[ACTION ITEM]
Given the material below, return only the lines starting at the line with "obtain l where" and ending at the line with "define k where", exactly as they appear.

Start of SUPPLIED INFORMATION

(* Let $\mathcal{F}$ be the infinite rooted tree with root $\delta$ in which every vertex has $p\ge2$ children, and let $a$ be an integral weight function on $\mathcal{F}$ with weight $\omega_a$. Then $a(\delta)\ge\widehat\gamma_0(\omega_a)$.
   Context: An integral weight function with weight $\omega$ (nonnegative integer) is a map $a:V(\mathcal{F})\to\mathbb{Z}_{\ge0}$ such that every infinite path $T$ from the root satisfies $\sum_{v\in T}a(v)\ge\omega$, and $a(v)\ge\sum_{u\text{ child of }v}a(u)$ for every vertex $v$. $\widehat\gamma(\omega)$ is the lexicographically smallest sequence $(\gamma_i)_{i\ge0}$ of nonnegative integers with $\gamma_i\ge p\gamma_{i+1}$ and $\sum_i\gamma_i=\omega$. *)

theory Defs
  imports Main
begin

text \<open>The p-ary rooted tree F: vertices are finite words over {0..<p}; the root
  delta is the empty word; the children of v are v @ [i] for i < p.\<close>

definition tree_vertices :: "nat \<Rightarrow> nat list set" where
  "tree_vertices p = {v. \<forall>x\<in>set v. x < p}"

definition tree_root :: "nat list" where
  "tree_root = []"

definition tree_children :: "nat \<Rightarrow> nat list \<Rightarrow> nat list set" where
  "tree_children p v = {v @ [i] | i. i < p}"

definition inf_path :: "nat \<Rightarrow> (nat \<Rightarrow> nat) \<Rightarrow> bool" where
  "inf_path p f \<longleftrightarrow> (\<forall>n. f n < p)"

definition path_vertex :: "(nat \<Rightarrow> nat) \<Rightarrow> nat \<Rightarrow> nat list" where
  "path_vertex f n = map f [0..<n]"

text \<open>Integral weight function with weight w. Since the values are nonnegative
  integers, the (possibly infinite) sum along a path is at least w iff some
  partial sum is at least w.\<close>

definition integral_weight_function :: "nat \<Rightarrow> (nat list \<Rightarrow> nat) \<Rightarrow> nat \<Rightarrow> bool" where
  "integral_weight_function p a w \<longleftrightarrow>
     (\<forall>f. inf_path p f \<longrightarrow> (\<exists>N. (\<Sum>n<N. a (path_vertex f n)) \<ge> w)) \<and>
     (\<forall>v\<in>tree_vertices p. a v \<ge> (\<Sum>u\<in>tree_children p v. a u))"

definition gamma_admissible :: "nat \<Rightarrow> nat \<Rightarrow> (nat \<Rightarrow> nat) \<Rightarrow> bool" where
  "gamma_admissible p w g \<longleftrightarrow>
     (\<forall>i. g i \<ge> p * g (Suc i)) \<and> (\<exists>N. (\<forall>i\<ge>N. g i = 0) \<and> (\<Sum>i<N. g i) = w)"

definition lex_less :: "(nat \<Rightarrow> nat) \<Rightarrow> (nat \<Rightarrow> nat) \<Rightarrow> bool" where
  "lex_less g h \<longleftrightarrow> (\<exists>k. (\<forall>i<k. g i = h i) \<and> g k < h k)"

definition gamma_hat :: "nat \<Rightarrow> nat \<Rightarrow> (nat \<Rightarrow> nat)" where
  "gamma_hat p w = (THE g. gamma_admissible p w g \<and>
      (\<forall>h. gamma_admissible p w h \<longrightarrow> g = h \<or> lex_less g h))"

end

theory Submission
  imports Defs "HOL-Library.FuncSet"
begin

text \<open>Always stepping to a cheapest child yields an infinite path along which each weight is at
  most a \<open>1/p\<close>-th of the previous one. Its weights, cut off once their total reaches \<open>\<omega>\<close>, form an
  admissible sequence for \<open>\<omega>\<close> whose first term is at most \<open>a(\<delta>)\<close>; since \<open>\<gamma>\<close>-hat is the
  lexicographically least admissible sequence, its first term is smaller still.\<close>

lemma lex_less_irrefl: "\<not> lex_less g g"
  unfolding lex_less_def by auto

lemma lex_less_trans:
  assumes "lex_less f g" "lex_less g h"
  shows "lex_less f h"
proof -
  obtain k where k: "\<forall>i<k. f i = g i" "f k < g k" using assms(1) lex_less_def by auto
  obtain l where l: "\<forall>i<l. g i = h i" "g l < h l" using assms(2) lex_less_def by auto
  have "(\<forall>i<min k l. f i = h i) \<and> f (min k l) < h (min k l)"
    using k l by (cases k l rule: linorder_cases) auto
  then show ?thesis unfolding lex_less_def by blast
qed

lemma lex_less_linear:
  assumes "g \<noteq> h"
  shows "lex_less g h \<or> lex_less h g"
proof -
  define k where "k = (LEAST k. g k \<noteq> h k)"
  have "g k \<noteq> h k" unfolding k_def by (rule LeastI_ex) (use assms in auto)
  moreover have "\<forall>i<k. g i = h i" unfolding k_def using not_less_Least by blast
  ultimately show ?thesis unfolding lex_less_def by (metis linorder_neqE_nat)
qed

lemma lex_less_imp_le_0: "lex_less g h \<Longrightarrow> g 0 \<le> h 0"
  unfolding lex_less_def by (metis less_or_eq_imp_le neq0_conv)

lemma finite_has_lex_least:
  "finite S \<Longrightarrow> S \<noteq> {} \<Longrightarrow> \<exists>g\<in>S. \<forall>h\<in>S. g = h \<or> lex_less g h"
proof (induction S rule: finite_ne_induct)
  case (singleton x)
  then show ?case by auto
next
  case (insert x F)
  then obtain m where m: "m \<in> F" "\<forall>h\<in>F. m = h \<or> lex_less m h" by auto
  show ?case
  proof (cases "lex_less x m")
    case True
    then have "x = h \<or> lex_less x h" if "h \<in> insert x F" for h
      using that m(2) lex_less_trans[of x m h] by auto
    then show ?thesis by blast
  next
    case False
    then have "x = m \<or> lex_less m x" using lex_less_linear by blast
    then show ?thesis using m by blast
  qed
qed

lemma gamma_admissible_bounded:
  assumes "p \<ge> 1" "gamma_admissible p w g"
  shows "g i \<le> w" and "w \<le> i \<Longrightarrow> g i = 0"
proof -
  obtain N where N: "\<forall>i\<ge>N. g i = 0" "(\<Sum>i<N. g i) = w"
    and decay: "\<forall>i. p * g (Suc i) \<le> g i"
    using assms(2) unfolding gamma_admissible_def by auto
  have "(\<Sum>j<Suc i. g j) \<le> (\<Sum>j<max N (Suc i). g j)" by (rule sum_mono2) auto
  also have "\<dots> = w"
    using N by (subst sum.mono_neutral_right[of "{..<max N (Suc i)}" "{..<N}"]) auto
  finally have partial: "(\<Sum>j<Suc i. g j) \<le> w" .
  then show "g i \<le> w" using member_le_sum[of i "{..<Suc i}" g] by simp
  assume "w \<le> i"
  have antimono: "g i \<le> g j" if "j \<le> i" for j
  proof (rule lift_Suc_antimono_le[of g, OF _ that])
    fix n
    have "1 * g (Suc n) \<le> p * g (Suc n)" using assms(1) by (rule mult_le_mono1)
    then show "g (Suc n) \<le> g n" using decay by (metis mult_1 le_trans)
  qed
  show "g i = 0"
  proof (rule ccontr)
    assume "g i \<noteq> 0"
    then have "1 \<le> g j" if "j \<le> i" for j
      using antimono[OF that] by simp
    then have "(\<Sum>j<Suc i. 1) \<le> (\<Sum>j<Suc i. g j)" by (intro sum_mono) simp
    then show False using partial \<open>w \<le> i\<close> by simp
  qed
qed

lemma finite_gamma_admissible:
  assumes "p \<ge> 1"
  shows "finite {g. gamma_admissible p w g}"
proof (rule inj_on_finite)
  let ?A = "{g. gamma_admissible p w g}"
  show "inj_on (\<lambda>g. restrict g {..<w}) ?A"
  proof (rule inj_onI)
    fix g h assume "g \<in> ?A" "h \<in> ?A" and eq: "restrict g {..<w} = restrict h {..<w}"
    show "g = h"
    proof
      fix i
      show "g i = h i"
      proof (cases "i < w")
        case True
        then show ?thesis using fun_cong[OF eq, of i] by simp
      next
        case False
        then show ?thesis
          using gamma_admissible_bounded(2)[OF assms, of w _ i] \<open>g \<in> ?A\<close> \<open>h \<in> ?A\<close>
          by (metis mem_Collect_eq not_less)
      qed
    qed
  qed
  show "(\<lambda>g. restrict g {..<w}) ` ?A \<subseteq> (\<Pi>\<^sub>E i\<in>{..<w}. {..w})"
    using gamma_admissible_bounded(1)[OF assms] by (intro image_subsetI) (simp add: restrict_PiE_iff)
qed (simp add: finite_PiE)

lemma gamma_hat_lex_least:
  assumes "p \<ge> 1"
  shows "gamma_admissible p w (gamma_hat p w)"
    and "gamma_admissible p w h \<Longrightarrow> gamma_hat p w = h \<or> lex_less (gamma_hat p w) h"
proof -
  let ?least = "\<lambda>g. gamma_admissible p w g \<and>
      (\<forall>h. gamma_admissible p w h \<longrightarrow> g = h \<or> lex_less g h)"
  have "gamma_admissible p w (\<lambda>i. if i = 0 then w else 0)"
    unfolding gamma_admissible_def by (auto intro!: exI[of _ 1])
  then have "{g. gamma_admissible p w g} \<noteq> {}" by blast
  then obtain g where "?least g"
    using finite_has_lex_least[OF finite_gamma_admissible[OF assms]] by auto
  moreover have "g' = g" if "?least g'" for g'
    using that \<open>?least g\<close> lex_less_trans lex_less_irrefl by blast
  ultimately have "?least (gamma_hat p w)"
    unfolding gamma_hat_def by (rule theI)
  then show "gamma_admissible p w (gamma_hat p w)"
    and "gamma_admissible p w h \<Longrightarrow> gamma_hat p w = h \<or> lex_less (gamma_hat p w) h"
    by auto
qed

lemma gamma_hat_0_le:
  assumes "p \<ge> 1" "gamma_admissible p w h"
  shows "gamma_hat p w 0 \<le> h 0"
  using gamma_hat_lex_least(2)[OF assms] lex_less_imp_le_0 by auto

text \<open>Cutting \<open>g\<close> off greedily at total \<open>w\<close> keeps the decay condition, because every term
  except the last nonzero one is left unchanged.\<close>

lemma gamma_admissible_truncation:
  assumes decay: "\<forall>i. p * g (Suc i) \<le> g i" and reach: "w \<le> (\<Sum>i<N. g i)"
  shows "\<exists>h. gamma_admissible p w h \<and> h 0 \<le> g 0"
proof -
  define h where "h i = min (g i) (w - (\<Sum>j<i. g j))" for i
  have sum_h: "(\<Sum>i<n. h i) = min w (\<Sum>i<n. g i)" for n
    by (induction n) (simp_all add: h_def)
  have "p * h (Suc i) \<le> h i" for i
  proof (cases "h (Suc i) = 0")
    case False
    then have "h i = g i" by (auto simp: h_def min_def split: if_splits)
    moreover have "h (Suc i) \<le> g (Suc i)" by (simp add: h_def)
    ultimately show ?thesis using decay by (metis le_trans mult_le_mono2)
  qed simp
  moreover have "h i = 0" if "N \<le> i" for i
  proof -
    have "(\<Sum>j<N. g j) \<le> (\<Sum>j<i. g j)" using that by (intro sum_mono2) auto
    then show ?thesis using reach by (simp add: h_def)
  qed
  moreover have "(\<Sum>i<N. h i) = w" using sum_h reach by simp
  ultimately have "gamma_admissible p w h" unfolding gamma_admissible_def by blast
  then show ?thesis by (auto simp: h_def)
qed

lemma sum_tree_children: "(\<Sum>u\<in>tree_children p v. a u) = (\<Sum>i<p. a (v @ [i]))"
proof -
  have "tree_children p v = (\<lambda>i. v @ [i]) ` {..<p}" unfolding tree_children_def by auto
  then show ?thesis by (simp add: sum.reindex inj_on_def)
qed

lemma exists_le_average:
  fixes f :: "nat \<Rightarrow> nat"
  assumes "n \<ge> 1"
  shows "\<exists>i<n. n * f i \<le> (\<Sum>j<n. f j)"
proof -
  obtain i where i: "i < n" "\<forall>j<n. f i \<le> f j"
    using ex_has_least_nat[of "\<lambda>i. i < n" 0 f] assms by auto
  then have "(\<Sum>j<n. f i) \<le> (\<Sum>j<n. f j)" by (intro sum_mono) auto
  then show ?thesis using i(1) by auto
qed

lemma path_vertex_0: "path_vertex f 0 = []"
  by (simp add: path_vertex_def)

lemma path_vertex_Suc: "path_vertex f (Suc n) = path_vertex f n @ [f n]"
  by (simp add: path_vertex_def)

lemma path_vertex_in_tree: "inf_path p f \<Longrightarrow> path_vertex f n \<in> tree_vertices p"
  by (auto simp: inf_path_def path_vertex_def tree_vertices_def)

lemma exists_decaying_path:
  assumes "p \<ge> 1" and super: "\<forall>v\<in>tree_vertices p. (\<Sum>u\<in>tree_children p v. a u) \<le> a v"
  shows "\<exists>f. inf_path p f \<and> (\<forall>n. p * a (path_vertex f (Suc n)) \<le> a (path_vertex f n))"
proof -
  define cheapest where
    "cheapest v = (SOME i. i < p \<and> (v \<in> tree_vertices p \<longrightarrow> p * a (v @ [i]) \<le> a v))" for v
  have cheapest: "cheapest v < p \<and> (v \<in> tree_vertices p \<longrightarrow> p * a (v @ [cheapest v]) \<le> a v)"
    for v
  proof -
    obtain i where "i < p" "p * a (v @ [i]) \<le> (\<Sum>j<p. a (v @ [j]))"
      using exists_le_average[OF assms(1), of "\<lambda>j. a (v @ [j])"] by blast
    then have "\<exists>i. i < p \<and> (v \<in> tree_vertices p \<longrightarrow> p * a (v @ [i]) \<le> a v)"
      using super sum_tree_children[of a p v] by (metis order_trans)
    then show ?thesis unfolding cheapest_def by (rule someI_ex)
  qed
  define f where "f n = cheapest (((\<lambda>v. v @ [cheapest v]) ^^ n) [])" for n
  have vertex: "path_vertex f n = ((\<lambda>v. v @ [cheapest v]) ^^ n) []" for n
    by (induction n) (simp_all add: path_vertex_0 path_vertex_Suc f_def)
  have path: "inf_path p f" using cheapest by (simp add: inf_path_def f_def)
  have "f n = cheapest (path_vertex f n)" for n
    by (simp add: f_def vertex)
  then have "p * a (path_vertex f (Suc n)) \<le> a (path_vertex f n)" for n
    using cheapest path_vertex_in_tree[OF path, of n] by (simp add: path_vertex_Suc)
  with path show ?thesis by blast
qed

theorem mainTheorem10:
  fixes p w :: nat and a :: "nat list \<Rightarrow> nat"
  assumes "p \<ge> 2"
    and "integral_weight_function p a w"
  shows "a tree_root \<ge> gamma_hat p w 0"
proof -
  have p: "p \<ge> 1" using assms(1) by simp
  obtain f where f: "inf_path p f" "\<forall>n. p * a (path_vertex f (Suc n)) \<le> a (path_vertex f n)"
    using exists_decaying_path[OF p] assms(2) unfolding integral_weight_function_def by blast
  obtain N where "w \<le> (\<Sum>n<N. a (path_vertex f n))"
    using f(1) assms(2) unfolding integral_weight_function_def by blast
  then obtain h where "gamma_admissible p w h" "h 0 \<le> a (path_vertex f 0)"
    using gamma_admissible_truncation[OF f(2)] by blast
  moreover have "path_vertex f 0 = tree_root" by (simp add: path_vertex_0 tree_root_def)
  ultimately show ?thesis using gamma_hat_0_le[OF p] by fastforce
qed

end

End of SUPPLIED INFORMATION

[SOLVED EXERCISE]
  obtain l where l: "\<forall>i<l. g i = h i" "g l < h l" using assms(2) lex_less_def by auto
  have "(\<forall>i<min k l. f i = h i) \<and> f (min k l) < h (min k l)"
    using k l by (cases k l rule: linorder_cases) auto
  then show ?thesis unfolding lex_less_def by blast
qed

lemma lex_less_linear:
  assumes "g \<noteq> h"
  shows "lex_less g h \<or> lex_less h g"
proof -
  define k where "k = (LEAST k. g k \<noteq> h k)"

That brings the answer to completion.